Collected data entries:
----

lemma row_partial_first:
  assumes f: "f \<in> qp_carrier"
  shows "row_partial q f (0, m) = f (0, m)"
proof -
  have "(\<lambda>p. if snd p = m \<and> fst p \<le> 0 then q ^ (fst p * m) else 0) = (\<lambda>p. if p = (0, m) then 1 else 0)"
    by (auto intro!: ext)
  then show ?thesis by (simp add: row_partial_def pairing_coef_single f)
qed

lemma row_partial_step:
  assumes f: "f \<in> qp_carrier"
  shows "row_partial q f (n + 1, m) = row_partial q f (n, m) + f (n + 1, m) * q ^ ((n + 1) * m)"
proof -
  have "(\<lambda>p. if snd p = m \<and> fst p \<le> Suc n then q ^ (fst p * m) else 0)
      = (\<lambda>p. (if snd p = m \<and> fst p \<le> n then q ^ (fst p * m) else 0)
           + (if p = (Suc n, m) then q ^ (Suc n * m) else 0))"
    by (rule ext) auto
  then show ?thesis by (simp add: row_partial_def pairing_coef_add pairing_coef_single f)
qed

lemma row_partial_far:
  assumes N: "\<forall>n m. f (n, m) \<noteq> 0 \<longrightarrow> n \<le> N \<and> m \<le> N" and far: "\<not> (n \<le> N \<and> m \<le> N)"
  shows "row_partial q f (n, m) = (if n \<le> N then 0 else chi q m f)"
proof (cases "n \<le> N")
  case True
  then have "m > N" using far by simp
  show ?thesis unfolding row_partial_def prod.case
  proof (simp only: True if_True, rule pairing_vanish)
    fix p assume "f p \<noteq> 0"
    then have "snd p \<le> N" using N by (cases p) auto
    then show "(if snd p = m \<and> fst p \<le> n then q ^ (fst p * m) else 0) = 0" using \<open>m > N\<close> by auto
  qed
next
  case False
  show ?thesis unfolding row_partial_def chi_def prod.case
  proof (simp only: False if_False, rule pairing_cong)
    fix p assume "f p \<noteq> 0"
    then have "fst p \<le> N" using N by (cases p) auto
    then show "(if snd p = m \<and> fst p \<le> n then q ^ (fst p * m) else 0)
             = (if snd p = m then q ^ (fst p * m) else 0)"
      using False by auto
  qed
qed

----

Task
Up to and including the line that contains "by (auto intro!: ext)", output the records above exactly, beginning with their first line.

Solved problem
lemma row_partial_first:
  assumes f: "f \<in> qp_carrier"
  shows "row_partial q f (0, m) = f (0, m)"
proof -
  have "(\<lambda>p. if snd p = m \<and> fst p \<le> 0 then q ^ (fst p * m) else 0) = (\<lambda>p. if p = (0, m) then 1 else 0)"
    by (auto intro!: ext)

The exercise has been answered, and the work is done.